After the scaffold structure is in place, the obvious thing to do is to merge sequence from both haplotypes; As a first step, the module SquashOverlaps takes care of contigs that are entirely subsumed in another by removing this contig and aligning its reads to the subsuming contig with very lenient parameters. A subsequent run of contig gap stuffing (i.e. various forms of merging or bridging gaps between contigs, see for details in that section) will succeed in increasing the connectivity of the assembly.
However, when doing this, there are two things that need to be monitored very carefully:
- Read usage
- Clusters of SNPs and indels
If, in the process, overall read usage drops dramatically when going from an unmerged assembly to a merged one, then this might be a sign that there are too few reads to hold scaffolds together; running BreakUnlinked will break scaffolds in spots that are not spanned by insert linking.
Clusters of disagreements can have bad side effects when computing contig consensus, since there might be many crosses between the two haplotypes too close together, which will have negative effects on e.g. gene calling (see Frankentyping).
When merging haplotypes, it is easily possible to end up with consensus sequence that is too artificial a mix: when making transitions within genes, false frame shifts or stop codons might apper. In C. tropicalis, for example, a diploid fungus, there were 994 genes affected that could not be identified correctly as functional genes. After "separating" the haplotypes (a process we call "frankentyping" since we still have a mix of both haplotypes), this number went down to 116.
So, how to separate the haplotypes? As a first step, we remove all read pairs in which at least one end read has high-quality disagreements with other overlapping reads. We then use a greedy algorithm to place back reads avoiding high-quality disagreements, thus populating the contigs but increasing the distance between spots in which we cross the haplotypes. Re-computing the consensus then will be a better reflection of what one haploid genome could look like.
As a last step, all reads that were not placed back can be assembled again, allowing for some estimate of the second haplotype relative to the 'main' assembly.
Estimating Overall Polymorphism
The polymorphism rate (and nature) between the two haplotypes of a diploid genome can vary quite dramatically, so it is desirable to have a tool which can assess and quantify overall statistics for the entire genome. The relevant information to be used is:
- Where are the repeats (output of TagRepeats)
- Where are the polymorphic events (output of HQDAnnotator)
PolymorphismEstimator combines this information: since we do not want to have an artificially high rate arising from misassembled repetitive regions, we exclude all regions that are marked as repeats or 48 bases away from repeats. Next, we require at least three reads to (consistently with each other) disagree with consensus, where the disagreement can be a single nucleotide polymorphism (SNP) or a short indel (less than 42 bases).
Note: even for haploid genomes, there is some background noise due to either systematic [[sequencing error]s, falsely corrected reads, or other artifacts.

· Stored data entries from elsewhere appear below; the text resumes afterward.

(* Let $q$ be a prime power, $M\geq 2$ an integer, and let $f=gg^*\in\mathbb{F}_q[x]$ be a type $2$ polynomial of degree $2n$, where $g$ is monic irreducible of degree $n$ with $g(0)\neq 0$ and $g\neq g^*$. Let $C_f\in\mathrm{Sp}(2n,q)$ be an element with characteristic polynomial $f$. Then the equation $\alpha^M=C_f$ has a solution $\alpha\in\mathrm{Sp}(2n,q)$ if and only if $g$ is an $M$-power polynomial.
   Context: For a monic polynomial $f$ of degree $r$ with $f(0)\neq0$, $f^*(x)=f(0)^{-1}x^rf(x^{-1})$. $\mathrm{Sp}(2n,q)$ is the group of $2n\times 2n$ matrices over $\mathbb{F}_q$ preserving a non-degenerate alternating bilinear form. A monic irreducible polynomial $g\in\mathbb{F}_q[x]$, $g\neq x$, of degree $k\geq1$ is an $M$-power polynomial if $g(x^M)$ has a monic irreducible factor of degree $k$. *)

theory Defs
  imports "Jordan_Normal_Form.Char_Poly" "HOL-Computational_Algebra.Polynomial"
begin

definition recip_poly :: "'a::field poly \<Rightarrow> 'a poly" where
  "recip_poly f = Polynomial.smult (inverse (coeff f 0)) (reflect_poly f)"

(* Omega is the Gram matrix of a non-degenerate alternating bilinear form
   B(u,v) = u^T Omega v on F^d *)
definition nondeg_alternating :: "nat \<Rightarrow> 'a::field mat \<Rightarrow> bool" where
  "nondeg_alternating d Omega \<longleftrightarrow> Omega \<in> carrier_mat d d
     \<and> (\<forall>v \<in> carrier_vec d. v \<bullet> (Omega *\<^sub>v v) = 0)
     \<and> det Omega \<noteq> 0"

definition sp_group :: "nat \<Rightarrow> 'a::field mat \<Rightarrow> 'a mat set" where
  "sp_group d Omega = {A \<in> carrier_mat d d. transpose_mat A * Omega * A = Omega}"

definition M_power_poly :: "nat \<Rightarrow> 'a::field poly \<Rightarrow> bool" where
  "M_power_poly M g \<longleftrightarrow> monic g \<and> irreducible g \<and> g \<noteq> [:0, 1:] \<and> degree g \<ge> 1
     \<and> (\<exists>h. monic h \<and> irreducible h \<and> degree h = degree g
            \<and> h dvd pcompose g (monom 1 M))"

end

theory Submission
  imports Defs "HOL-Number_Theory.Cong"
begin

text \<open>
  Let \<open>g\<^sup>*\<close> be the reciprocal of \<open>g\<close>. Both are irreducible factors of the characteristic
  polynomial \<open>g g\<^sup>*\<close> of \<open>C\<close> and they are coprime, so there are nonzero vectors \<open>v\<^sub>1\<close>, \<open>v\<^sub>2\<close>
  with \<open>g(C) v\<^sub>1 = 0\<close> and \<open>g\<^sup>*(C) v\<^sub>2 = 0\<close>, and counting shows that the vectors
  \<open>s(C) v\<^sub>1 + t(C) v\<^sub>2\<close> with \<open>deg s, deg t < n\<close> exhaust \<open>F\<^sub>q\<^sup>2\<^sup>n\<close>. If \<open>\<alpha>\<^sup>M = C\<close>, then \<open>\<alpha>\<close>
  commutes with \<open>C\<close>, hence acts on \<open>v\<^sub>1\<close> as some \<open>s(C)\<close>, and \<open>C v\<^sub>1 = s(C)\<^sup>M v\<^sub>1\<close> gives
  \<open>s\<^sup>M \<equiv> x (mod g)\<close>. In the field \<open>F\<^sub>q[x]/(g)\<close> the existence of such an \<open>M\<close>-th root of \<open>x\<close> is
  equivalent to \<open>g\<close> being an \<open>M\<close>-power polynomial, again by counting.

  Conversely, let \<open>p\<^sup>M \<equiv> x (mod g)\<close> and let \<open>\<iota>\<close> be an inverse of \<open>x\<close> modulo \<open>g g\<^sup>*\<close>.
  Substituting \<open>\<iota>\<close> for \<open>x\<close> exchanges the ideals \<open>(g)\<close> and \<open>(g\<^sup>*)\<close>, so by the Chinese
  remainder theorem there is \<open>P\<close> with \<open>P\<^sup>M \<equiv> x\<close> and \<open>P(\<iota>) P \<equiv> 1\<close> modulo \<open>g g\<^sup>*\<close>.
  By Cayley--Hamilton \<open>\<alpha> = P(C)\<close> satisfies \<open>\<alpha>\<^sup>M = C\<close>, and since \<open>C\<^sup>T \<Omega> = \<Omega> C\<^sup>-\<^sup>1\<close>
  we get \<open>\<alpha>\<^sup>T \<Omega> \<alpha> = \<Omega> P(C\<^sup>-\<^sup>1) P(C) = \<Omega>\<close>.
\<close>

section \<open>Polynomials over a field\<close>

lemma poly_gcd_combination:
  fixes a b :: "'a::field poly"
  shows "\<exists>u v d. d = u * a + v * b \<and> d dvd a \<and> d dvd b"
proof (induction "euclidean_size b" arbitrary: a b rule: less_induct)
  case less
  show ?case
  proof (cases "b = 0")
    case True
    then show ?thesis by (intro exI[of _ 1] exI[of _ 0] exI[of _ a]) auto
  next
    case False
    from less[OF mod_size_less[OF False]]
    obtain u v d where d: "d = u * b + v * (a mod b)" "d dvd b" "d dvd a mod b" by blast
    have "a mod b = a - a div b * b" by (simp add: minus_div_mult_eq_mod)
    with d(1) have "d = v * a + (u - v * (a div b)) * b" by (simp add: algebra_simps)
    moreover have "d dvd a" using d(3) by (simp add: dvd_mod_iff[OF d(2)])
    ultimately show ?thesis using d(2) by blast
  qed
qed
(* Let $r>0$, let $n\ge \nu\ge 2$, and let $\hat\alpha\ne0$, $\hat\beta$, $\hat\gamma$ be real numbers. Let $X^{(0)}=(x^{(0)}(1),\dots,x^{(0)}(n))$ be a real sequence whose $r$-th accumulated sequence $X^{(r)}=X^{(0)}A^r$ satisfies $$x^{(r)}(k)=\left[x^{(0)}(1)-\frac{\hat\beta}{\hat\alpha}+\frac{\hat\beta}{\hat\alpha^2}-\frac{\hat\gamma}{\hat\alpha}\right]e^{-\hat\alpha(k-1)}+\frac{\hat\beta}{\hat\alpha}k-\frac{\hat\beta}{\hat\alpha^2}+\frac{\hat\gamma}{\hat\alpha},\quad k=2,\dots,n.$$ Let $(a,b,c)$ be the least-squares estimate $(a,b,c)^{\mathcal T}=(B^{\mathcal T}B)^{-1}B^{\mathcal T}Y$ computed from this sequence, and let $(\alpha,\beta,\gamma)$ be the FAGMO(1,1,$k$) parameters $$\alpha=\ln\frac{2+a}{2-a},\qquad \beta=\frac{b}{a}\ln\frac{2+a}{2-a},\qquad \gamma=\frac{\alpha c}{a}-\frac{\alpha b}{2a}+\frac{\beta}{\alpha}+\frac{\beta}{2}-\frac{\beta}{a}$$ (assuming all these quantities are well defined). Then $\alpha=\hat\alpha$, $\beta=\hat\beta$, $\gamma=\hat\gamma$, and the FAGMO(1,1,$k$) predicted values $\hat x^{(0)}(k)$, $k=1,\dots,n$, coincide with the given data $x^{(0)}(k)$.
   Context: Notation: $A^r$ is the $n\times n$ upper triangular Toeplitz matrix with $(j,l)$ entry $\left[{}_{l-j}^{r}\right]$ for $l\ge j$, where $\left[{}_0^r\right]=1$ and $\left[{}_i^r\right]=\frac{r(r+1)\cdots(r+i-1)}{i!}$; $D^r=(A^r)^{-1}$ is the upper triangular Toeplitz matrix with entries $\left[{}_{l-j}^{-r}\right]$, $\left[{}_0^{-r}\right]=1$, $\left[{}_i^{-r}\right]=\frac{(-r)(-r+1)\cdots(-r+i-1)}{i!}$. Least squares: with $z^{(r)}(k)=\tfrac12(x^{(r)}(k-1)+x^{(r)}(k))$ and $x^{(r-1)}(k):=x^{(r)}(k)-x^{(r)}(k-1)$, $B$ is the $(\nu-1)\times 3$ matrix with rows $\big(-z^{(r)}(k),\ \tfrac{2k-1}{2},\ 1\big)$ and $Y$ the column vector with entries $x^{(r-1)}(k)$, $k=2,\dots,\nu$ ($\nu$ = number of samples used to build the model). FAGMO(1,1,$k$) prediction: $\hat x^{(r)}(1)=x^{(0)}(1)$ and for $k\ge2$, $\hat x^{(r)}(k)=\left[x^{(0)}(1)-\frac{\beta}{\alpha}+\frac{\beta}{\alpha^2}-\frac{\gamma}{\alpha}\right]e^{-\alpha(k-1)}+\frac{\beta}{\alpha}k-\frac{\beta}{\alpha^2}+\frac{\gamma}{\alpha}$; the predicted values are $(\hat x^{(0)}(1),\dots,\hat x^{(0)}(n))=(\hat x^{(r)}(1),\dots,\hat x^{(r)}(n))D^r$. *)

theory Defs
  imports "HOL-Analysis.Analysis"
begin

text \<open>Sequences are functions nat \<Rightarrow> real, used on the index range 1..n.\<close>

definition gbin :: "real \<Rightarrow> nat \<Rightarrow> real" where
  "gbin r i = pochhammer r i / fact i"

definition Amat :: "real \<Rightarrow> nat \<Rightarrow> nat \<Rightarrow> real" where
  "Amat r j l = (if j \<le> l then gbin r (l - j) else 0)"

definition Dmat :: "real \<Rightarrow> nat \<Rightarrow> nat \<Rightarrow> real" where
  "Dmat r j l = (if j \<le> l then gbin (-r) (l - j) else 0)"

definition rowmul :: "nat \<Rightarrow> (nat \<Rightarrow> real) \<Rightarrow> (nat \<Rightarrow> nat \<Rightarrow> real) \<Rightarrow> nat \<Rightarrow> real" where
  "rowmul n x M l = (\<Sum>j = 1..n. x j * M j l)"

definition accum :: "real \<Rightarrow> nat \<Rightarrow> (nat \<Rightarrow> real) \<Rightarrow> nat \<Rightarrow> real" where
  "accum r n x = rowmul n x (Amat r)"

definition zr :: "real \<Rightarrow> nat \<Rightarrow> (nat \<Rightarrow> real) \<Rightarrow> nat \<Rightarrow> real" where
  "zr r n x k = (accum r n x (k - 1) + accum r n x k) / 2"

definition dr :: "real \<Rightarrow> nat \<Rightarrow> (nat \<Rightarrow> real) \<Rightarrow> nat \<Rightarrow> real" where
  "dr r n x k = accum r n x k - accum r n x (k - 1)"

definition Brow :: "real \<Rightarrow> nat \<Rightarrow> (nat \<Rightarrow> real) \<Rightarrow> nat \<Rightarrow> real^3" where
  "Brow r n x k = vector [- zr r n x k, (2 * real k - 1) / 2, 1]"

definition BtB :: "real \<Rightarrow> nat \<Rightarrow> (nat \<Rightarrow> real) \<Rightarrow> nat \<Rightarrow> real^3^3" where
  "BtB r n x \<nu> = (\<chi> i j. \<Sum>k = 2..\<nu>. Brow r n x k $ i * Brow r n x k $ j)"

definition BtY :: "real \<Rightarrow> nat \<Rightarrow> (nat \<Rightarrow> real) \<Rightarrow> nat \<Rightarrow> real^3" where
  "BtY r n x \<nu> = (\<chi> i. \<Sum>k = 2..\<nu>. Brow r n x k $ i * dr r n x k)"

definition lsq :: "real \<Rightarrow> nat \<Rightarrow> (nat \<Rightarrow> real) \<Rightarrow> nat \<Rightarrow> real^3" where
  "lsq r n x \<nu> = matrix_inv (BtB r n x \<nu>) *v BtY r n x \<nu>"

definition fag_alpha :: "real \<Rightarrow> real" where
  "fag_alpha a = ln ((2 + a) / (2 - a))"

definition fag_beta :: "real \<Rightarrow> real \<Rightarrow> real" where
  "fag_beta a b = b / a * ln ((2 + a) / (2 - a))"

definition fag_gamma :: "real \<Rightarrow> real \<Rightarrow> real \<Rightarrow> real" where
  "fag_gamma a b c =
     (let \<alpha> = fag_alpha a; \<beta> = fag_beta a b
      in \<alpha> * c / a - \<alpha> * b / (2 * a) + \<beta> / \<alpha> + \<beta> / 2 - \<beta> / a)"

definition resp :: "real \<Rightarrow> real \<Rightarrow> real \<Rightarrow> real \<Rightarrow> nat \<Rightarrow> real" where
  "resp x1 \<alpha> \<beta> \<gamma> k =
     (x1 - \<beta> / \<alpha> + \<beta> / \<alpha>^2 - \<gamma> / \<alpha>) * exp (- \<alpha> * (real k - 1))
     + \<beta> / \<alpha> * real k - \<beta> / \<alpha>^2 + \<gamma> / \<alpha>"

definition pred_r :: "real \<Rightarrow> real \<Rightarrow> real \<Rightarrow> real \<Rightarrow> nat \<Rightarrow> real" where
  "pred_r x1 \<alpha> \<beta> \<gamma> k = (if k = 1 then x1 else resp x1 \<alpha> \<beta> \<gamma> k)"

definition pred0 :: "real \<Rightarrow> nat \<Rightarrow> nat \<Rightarrow> (nat \<Rightarrow> real) \<Rightarrow> nat \<Rightarrow> real" where
  "pred0 r n \<nu> x =
     (let v = lsq r n x \<nu>; a = v $ 1; b = v $ 2; c = v $ 3
      in rowmul n (pred_r (x 1) (fag_alpha a) (fag_beta a b) (fag_gamma a b c)) (Dmat r))"

end

theory Submission
  imports Defs
begin

text \<open>
  D^r inverts A^r because the generating series of [i over r] is (1 - t)^(-r), so the
  convolution of the coefficients of r and -r is Vandermonde's identity for 0 choose N.
  If the accumulated data follow the time response exactly, then with a = 2 tanh(alpha/2) the
  grey equation x^(r-1)(k) + a z^(r)(k) = b (2k - 1)/2 + c holds without residual for every k;
  an invertible normal system then returns exactly this (a, b, c), and the FAGMO formulas
  invert the parametrisation. The predicted accumulated sequence is therefore X^(r) itself,
  and multiplying by D^r gives back X^(0).
\<close>

lemma gbin_eq_gchoose: "gbin r m = (-1) ^ m * ((- r) gchoose m)"
  by (simp add: gbin_def gbinomial_pochhammer)

lemma gbin_convolution_neg:
  "(\<Sum>m = 0..N. gbin r m * gbin (- r) (N - m)) = (if N = 0 then 1 else 0)"
proof -
  have "(\<Sum>m = 0..N. gbin r m * gbin (- r) (N - m))
      = (\<Sum>m = 0..N. (-1) ^ N * (((- r) gchoose m) * (r gchoose (N - m))))"
  proof (rule sum.cong)
    fix m assume "m \<in> {0..N}"
    then have "(-1::real) ^ m * (-1) ^ (N - m) = (-1) ^ N"
      by (simp flip: power_add)
    then show "gbin r m * gbin (- r) (N - m) = (-1) ^ N * (((- r) gchoose m) * (r gchoose (N - m)))"
      by (simp add: gbin_eq_gchoose)
  qed simp
  also have "\<dots> = (-1) ^ N * ((- r + r) gchoose N)"
    by (simp add: gbinomial_Vandermonde flip: sum_distrib_left)
  finally show ?thesis
    by (simp add: gbinomial_0_left)
qed

lemma Amat_Dmat_inverse:
  assumes "i \<in> {1..n}" and "k \<in> {1..n}"
  shows "(\<Sum>j = 1..n. Amat r i j * Dmat r j k) = (if i = k then 1 else 0)"
proof (cases "i \<le> k")
  case False
  then show ?thesis
    by (intro trans[OF sum.neutral]) (auto simp: Amat_def Dmat_def)
next
  case True
  have "(\<Sum>j = 1..n. Amat r i j * Dmat r j k) = (\<Sum>j = i..k. gbin r (j - i) * gbin (- r) (k - j))"
    using assms True
    by (intro sum.mono_neutral_cong_right) (auto simp: Amat_def Dmat_def)
  also have "\<dots> = (\<Sum>m = 0..k - i. gbin r m * gbin (- r) (k - i - m))"
    using True
    by (intro sum.reindex_bij_witness[where i = "\<lambda>m. m + i" and j = "\<lambda>j. j - i"]) auto
  also have "\<dots> = (if i = k then 1 else 0)"
    using True by (subst gbin_convolution_neg) auto
  finally show ?thesis .
qed

lemma accum_Dmat_inverse:
  assumes "k \<in> {1..n}"
  shows "rowmul n (accum r n x) (Dmat r) k = x k"
proof -
  have "rowmul n (accum r n x) (Dmat r) k = (\<Sum>j = 1..n. \<Sum>i = 1..n. x i * Amat r i j * Dmat r j k)"
    by (simp add: rowmul_def accum_def sum_distrib_right)
  also have "\<dots> = (\<Sum>i = 1..n. x i * (\<Sum>j = 1..n. Amat r i j * Dmat r j k))"
    by (subst sum.swap) (simp add: sum_distrib_left mult.assoc)
  also have "\<dots> = (\<Sum>i = 1..n. x i * (if i = k then 1 else 0))"
    using assms by (intro sum.cong refl) (subst Amat_Dmat_inverse, auto)
  also have "\<dots> = x k"
    using assms by (simp add: if_distrib cong: if_cong)
  finally show ?thesis .
qed

lemma accum_first:
  assumes "1 \<le> n"
  shows "accum r n x 1 = x 1"
proof -
  have "accum r n x 1 = (\<Sum>j \<in> {1}. x j * Amat r j 1)"
    unfolding accum_def rowmul_def using assms
    by (intro sum.mono_neutral_right) (auto simp: Amat_def)
  then show ?thesis
    by (simp add: Amat_def gbin_def)
qed

lemma lsq_eq_exact_solution:
  assumes "invertible (BtB r n x \<nu>)"
    and "\<And>k. k \<in> {2..\<nu>} \<Longrightarrow> Brow r n x k \<bullet> v = dr r n x k"
  shows "lsq r n x \<nu> = v"
proof -
  have "BtB r n x \<nu> *v v = (\<chi> i. \<Sum>k = 2..\<nu>. Brow r n x k $ i * (Brow r n x k \<bullet> v))"
    by (simp add: BtB_def matrix_vector_mult_def inner_vec_def vec_eq_iff
        sum_distrib_left sum_distrib_right mult.assoc sum.swap[where A = UNIV])
  also have "\<dots> = BtY r n x \<nu>"
    by (simp add: BtY_def assms(2) vec_eq_iff)
  finally have normal: "BtB r n x \<nu> *v v = BtY r n x \<nu>" .
  have "matrix_inv (BtB r n x \<nu>) ** BtB r n x \<nu> = mat 1"
    using assms(1) unfolding invertible_def matrix_inv_def by (rule someI2_ex) auto
  with normal show ?thesis
    unfolding lsq_def by (metis matrix_vector_mul_assoc matrix_vector_mul_lid)
qed

lemma tanh_half_real: "tanh (x / 2) = (exp x - 1) / (exp x + 1 :: real)"
proof -
  define y where "y = exp (x / 2)"
  have "y > 0"
    by (simp add: y_def)
  have "exp x = y * y"
    by (simp add: y_def flip: exp_add)
  moreover have "exp (- (x / 2)) = 1 / y"
    by (simp add: y_def exp_minus field_simps)
  moreover have "(y - 1 / y) / (y + 1 / y) = (y * y - 1) / (y * y + 1)"
    using \<open>y > 0\<close> by (simp add: divide_simps add_pos_pos)
  ultimately show ?thesis
    by (simp add: tanh_altdef flip: y_def)
qed

lemma fag_alpha_eq_artanh: "fag_alpha a = 2 * artanh (a / 2)"
proof -
  have "(1 + a / 2) / (1 - a / 2) = (2 + a) / (2 - a)"
    by (simp add: divide_simps algebra_simps)
  then show ?thesis
    by (simp add: fag_alpha_def artanh_def)
qed

text \<open>a = 2 tanh(\<alpha>/2) solves \<alpha> = ln ((2 + a) / (2 - a)); b and c are then read off by
  matching the grey equation with the linear part of the time response.\<close>
definition fagmo_coeffs :: "real \<Rightarrow> real \<Rightarrow> real \<Rightarrow> real^3" where
  "fagmo_coeffs \<alpha> \<beta> \<gamma> =
     (let a = 2 * tanh (\<alpha> / 2) in vector [a, a * \<beta> / \<alpha>, \<beta> / \<alpha> + a * (\<gamma> / \<alpha> - \<beta> / \<alpha>\<^sup>2)])"

lemma fag_params_fagmo_coeffs:
  fixes \<alpha> \<beta> \<gamma> :: real
  assumes "\<alpha> \<noteq> 0"
  defines "v \<equiv> fagmo_coeffs \<alpha> \<beta> \<gamma>"
  shows "fag_alpha (v $ 1) = \<alpha>"
    and "fag_beta (v $ 1) (v $ 2) = \<beta>"
    and "fag_gamma (v $ 1) (v $ 2) (v $ 3) = \<gamma>"
proof -
  define a where "a = 2 * tanh (\<alpha> / 2)"
  have v: "v $ 1 = a" "v $ 2 = a * \<beta> / \<alpha>" "v $ 3 = \<beta> / \<alpha> + a * (\<gamma> / \<alpha> - \<beta> / \<alpha>\<^sup>2)"
    by (simp_all add: v_def fagmo_coeffs_def Let_def a_def vector_3)
  have a_nz: "a \<noteq> 0"
    using assms(1) by (simp add: a_def)
  show alpha: "fag_alpha (v $ 1) = \<alpha>"
    by (simp add: v a_def fag_alpha_eq_artanh artanh_tanh_real)
  show beta: "fag_beta (v $ 1) (v $ 2) = \<beta>"
    using alpha a_nz assms(1) by (simp add: fag_beta_def v flip: fag_alpha_def)
  show "fag_gamma (v $ 1) (v $ 2) (v $ 3) = \<gamma>"
    unfolding fag_gamma_def Let_def alpha beta using a_nz assms(1)
    by (simp add: v field_simps power2_eq_square)
qed

lemma resp_first: "resp x1 \<alpha> \<beta> \<gamma> 1 = x1"
  by (simp add: resp_def)

lemma resp_grey_equation:
  fixes x1 \<alpha> \<beta> \<gamma> :: real and k :: nat
  assumes "1 \<le> k"
  defines "f \<equiv> resp x1 \<alpha> \<beta> \<gamma>" and "v \<equiv> fagmo_coeffs \<alpha> \<beta> \<gamma>"
  shows "- ((f (k - 1) + f k) / 2) * v $ 1 + (2 * real k - 1) / 2 * v $ 2 + v $ 3 = f k - f (k - 1)"
proof -
  define E where "E = exp \<alpha>"
  define a where "a = 2 * tanh (\<alpha> / 2)"
  define p where "p = \<beta> / \<alpha>"
  define q where "q = \<gamma> / \<alpha> - \<beta> / \<alpha>\<^sup>2"
  define w where "w = (x1 - p - q) * exp (- \<alpha> * (real k - 1))"
  have "E + 1 \<noteq> 0"
    using exp_gt_zero[of \<alpha>] unfolding E_def by linarith
  then have a_E: "a * (E + 1) = 2 * (E - 1)"
    by (simp add: a_def E_def tanh_half_real)
  have "f k = w + p * real k + q"
    by (simp add: f_def resp_def w_def p_def q_def algebra_simps)
  moreover have "f (k - 1) = E * w + p * (real k - 1) + q"
    using assms(1)
    by (simp add: f_def resp_def w_def p_def q_def E_def of_nat_diff algebra_simps
        flip: exp_add)
  moreover have "v $ 1 = a" "v $ 2 = a * p" "v $ 3 = p + a * q"
    by (simp_all add: v_def fagmo_coeffs_def Let_def a_def p_def q_def vector_3)
  ultimately show ?thesis
    using a_E by simp algebra
qed

theorem theorem4:
  fixes r \<alpha>h \<beta>h \<gamma>h :: real and n \<nu> :: nat and x :: "nat \<Rightarrow> real"
  assumes "r > 0" and "2 \<le> \<nu>" and "\<nu> \<le> n" and "\<alpha>h \<noteq> 0"
    and model: "\<forall>k \<in> {2..n}. accum r n x k = resp (x 1) \<alpha>h \<beta>h \<gamma>h k"
    and inv: "invertible (BtB r n x \<nu>)"
    and a_nz: "lsq r n x \<nu> $ 1 \<noteq> 0"
    and ln_def: "(2 + lsq r n x \<nu> $ 1) / (2 - lsq r n x \<nu> $ 1) > 0"
  shows "fag_alpha (lsq r n x \<nu> $ 1) = \<alpha>h
       \<and> fag_beta (lsq r n x \<nu> $ 1) (lsq r n x \<nu> $ 2) = \<beta>h
       \<and> fag_gamma (lsq r n x \<nu> $ 1) (lsq r n x \<nu> $ 2) (lsq r n x \<nu> $ 3) = \<gamma>h
       \<and> (\<forall>k \<in> {1..n}. pred0 r n \<nu> x k = x k)"
proof -
  have accum_resp: "accum r n x k = resp (x 1) \<alpha>h \<beta>h \<gamma>h k" if "k \<in> {1..n}" for k
    using that model accum_first[of n r x] resp_first by (cases "k = 1") auto
  then have pred_r_accum: "pred_r (x 1) \<alpha>h \<beta>h \<gamma>h k = accum r n x k" if "k \<in> {1..n}" for k
    using that resp_first by (simp add: pred_r_def)
  have grey_fit: "Brow r n x k \<bullet> fagmo_coeffs \<alpha>h \<beta>h \<gamma>h = dr r n x k" if "k \<in> {2..\<nu>}" for k
  proof -
    have "k \<in> {1..n}" and "k - 1 \<in> {1..n}"
      using that \<open>\<nu> \<le> n\<close> by auto
    then show ?thesis
      using that resp_grey_equation[of k "x 1" \<alpha>h \<beta>h \<gamma>h]
      by (simp add: Brow_def zr_def dr_def inner_vec_def sum_3 vector_3 accum_resp)
  qed
  have lsq: "lsq r n x \<nu> = fagmo_coeffs \<alpha>h \<beta>h \<gamma>h"
    by (rule lsq_eq_exact_solution[OF inv grey_fit])
  note params = fag_params_fagmo_coeffs[OF \<open>\<alpha>h \<noteq> 0\<close>, of \<beta>h \<gamma>h, folded lsq]
  have "pred0 r n \<nu> x k = x k" if "k \<in> {1..n}" for k
  proof -
    have "pred0 r n \<nu> x k = rowmul n (pred_r (x 1) \<alpha>h \<beta>h \<gamma>h) (Dmat r) k"
      by (simp add: pred0_def Let_def params)
    also have "\<dots> = rowmul n (accum r n x) (Dmat r) k"
      unfolding rowmul_def by (intro sum.cong refl) (metis pred_r_accum)
    finally show ?thesis
      using that by (simp add: accum_Dmat_inverse)
  qed
  with params show ?thesis
    by blast
qed

end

This background is typically around 0.001% (or one in 100,000 bases), consistent with an average base quality of about 50.
This metric, however, only captures polymorphism on a very local scale, ignoring larger indels or inversions. In addition, if the polymorphism rate is very high in certain regions of the genome (~3% and up), haplotypes tend to be assembled into separate scaffolds. To examine these events, we recommend looking at the repeat structure).
Note: polymorphism tends to not be evenly distributed throughout the genome. There might be long homozygous stretches and clusters of SNPs and indels in other regions.